lemma tendsto_integral_Ioo_outside_shrinking_interval:
  fixes h :: "real \<Rightarrow> real"
  assumes h: "h integrable_on {0<..<1}" and h_nonneg: "\<And>t. 0 \<le> h t"
    and c: "\<And>n. 0 < c n" "c \<longlonglongrightarrow> 0"
  shows "(\<lambda>n. integral {0<..<1} (\<lambda>t. if t \<in> {c n..1 - c n} then 0 else h t)) \<longlonglongrightarrow> 0"
proof -
  define K where "K = (\<lambda>n t. if t \<in> {c n..1 - c n} then 0 else h t)"
  have K_integrable: "K n integrable_on {0<..<1}" for n
  proof -
    have "(\<lambda>t. if t \<in> {c n..1 - c n} then h t else 0) integrable_on {0<..<1}"
      using c(1)[of n] by (intro integrable_on_restrict_subinterval h) auto
    from integrable_diff[OF h this] show ?thesis
      unfolding K_def by (simp add: if_distrib cong: if_cong)
  qed
  have "(\<lambda>n. integral {0<..<1} (K n)) \<longlonglongrightarrow> integral {0<..<1} (\<lambda>t::real. 0::real)"
  proof (rule Equivalence_Lebesgue_Henstock_Integration.dominated_convergence(2)[where f = K and h = h])
    show "(\<lambda>n. K n t) \<longlonglongrightarrow> 0" if "t \<in> {0<..<1}" for t
    proof (rule tendsto_eventually)
      have "eventually (\<lambda>n. c n < min t (1 - t)) sequentially"
        using that by (intro order_tendstoD(2)[OF c(2)]) auto
      then show "eventually (\<lambda>n. K n t = 0) sequentially"
        by eventually_elim (auto simp: K_def)
    qed
  qed (use K_integrable h h_nonneg in \<open>auto simp: K_def\<close>)
  then show ?thesis by (simp add: K_def)
qed

lemma has_integral_Beta_real_Ioo:
  fixes a b :: real
  assumes "0 < a" "0 < b"
  shows "((\<lambda>t. t powr (a - 1) * (1 - t) powr (b - 1)) has_integral Beta a b) {0<..<1}"
  using has_integral_Beta_real[OF assms] by (simp add: has_integral_Icc_iff_Ioo)

lemma one_islimpt_of_real_pos: "(1::complex) islimpt complex_of_real ` {0<..}"
  unfolding islimpt_approachable
proof (intro allI impI)
  fix e :: real assume e: "0 < e"
  define y where "y = complex_of_real (1 + e / 2)"
  have "dist y 1 = dist (1 + e / 2) (1::real)"
    unfolding y_def by (metis dist_of_real of_real_1)
  then have "dist y 1 < e"
    using e by (simp add: dist_real_def)
  moreover have "y \<in> of_real ` {0<..}"
    unfolding y_def using e by (intro imageI) simp
  moreover have "y \<noteq> 1"
    unfolding y_def using e by simp
  ultimately show "\<exists>y\<in>complex_of_real ` {0<..}. y \<noteq> 1 \<and> dist y 1 < e"
    by blast
qed

lemma holomorphic_on_right_half_plane_eqI:
  assumes f: "f holomorphic_on {z. 0 < Re z}" and g: "g holomorphic_on {z. 0 < Re z}"
    and eq: "\<And>x. 0 < x \<Longrightarrow> f (of_real x) = g (of_real x)" and z: "0 < Re z"
  shows "f z = g z"
proof -
  have "(\<lambda>z. f z - g z) z = 0"
  proof (rule analytic_continuation[where S = "{z. 0 < Re z}" and U = "complex_of_real ` {0<..}" and \<xi> = 1
      and f = "\<lambda>z. f z - g z"])
    show "(\<lambda>z. f z - g z) holomorphic_on {z. 0 < Re z}"
      using f g by (rule holomorphic_on_diff)
    show "open {z. 0 < Re z}" by (simp add: open_halfspace_Re_gt)
    show "connected {z. 0 < Re z}" by (rule convex_connected[OF convex_halfspace_Re_gt])
  qed (use eq z one_islimpt_of_real_pos in auto)
  then show ?thesis by simp
qed

lemma holomorphic_on_Beta_right_half_planes:
  assumes "\<And>z. z \<in> A \<Longrightarrow> 0 < Re (f z)" "\<And>z. z \<in> A \<Longrightarrow> 0 < Re (g z)"
    and "f holomorphic_on A" "g holomorphic_on A"
  shows "(\<lambda>z. Beta (f z) (g z)) holomorphic_on A"
proof -
  have "w \<notin> \<int>\<^sub>\<le>\<^sub>0" if "0 < Re w" for w
    using that by (auto elim!: nonpos_Ints_cases)
  with assms show ?thesis by (intro holomorphic_Beta) auto
qed

definition beta_kernel :: "complex \<Rightarrow> complex \<Rightarrow> real \<Rightarrow> complex" where
  "beta_kernel a b t = exp ((a - 1) * of_real (ln t) + (b - 1) * of_real (ln (1 - t)))"

lemma beta_kernel_add_cnj:
  "beta_kernel (p + cnj p') (q + cnj q') t =
     beta_kernel (p + 1/2) (q + 1/2) t * cnj (beta_kernel (p' + 1/2) (q' + 1/2) t)"
  unfolding beta_kernel_def exp_cnj exp_add [symmetric] by (simp add: algebra_simps)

━━━━━━━━━━━━━━━━

→ PROBLEM REQUIREMENTS
Find the word "unfolding" in the data and copy out each line where it turns up.

→ EXERCISE ANSWER
      unfolding K_def by (simp add: if_distrib cong: if_cong)
  unfolding islimpt_approachable
    unfolding y_def by (metis dist_of_real of_real_1)
    unfolding y_def using e by (intro imageI) simp
    unfolding y_def using e by simp
  unfolding beta_kernel_def exp_cnj exp_add [symmetric] by (simp add: algebra_simps)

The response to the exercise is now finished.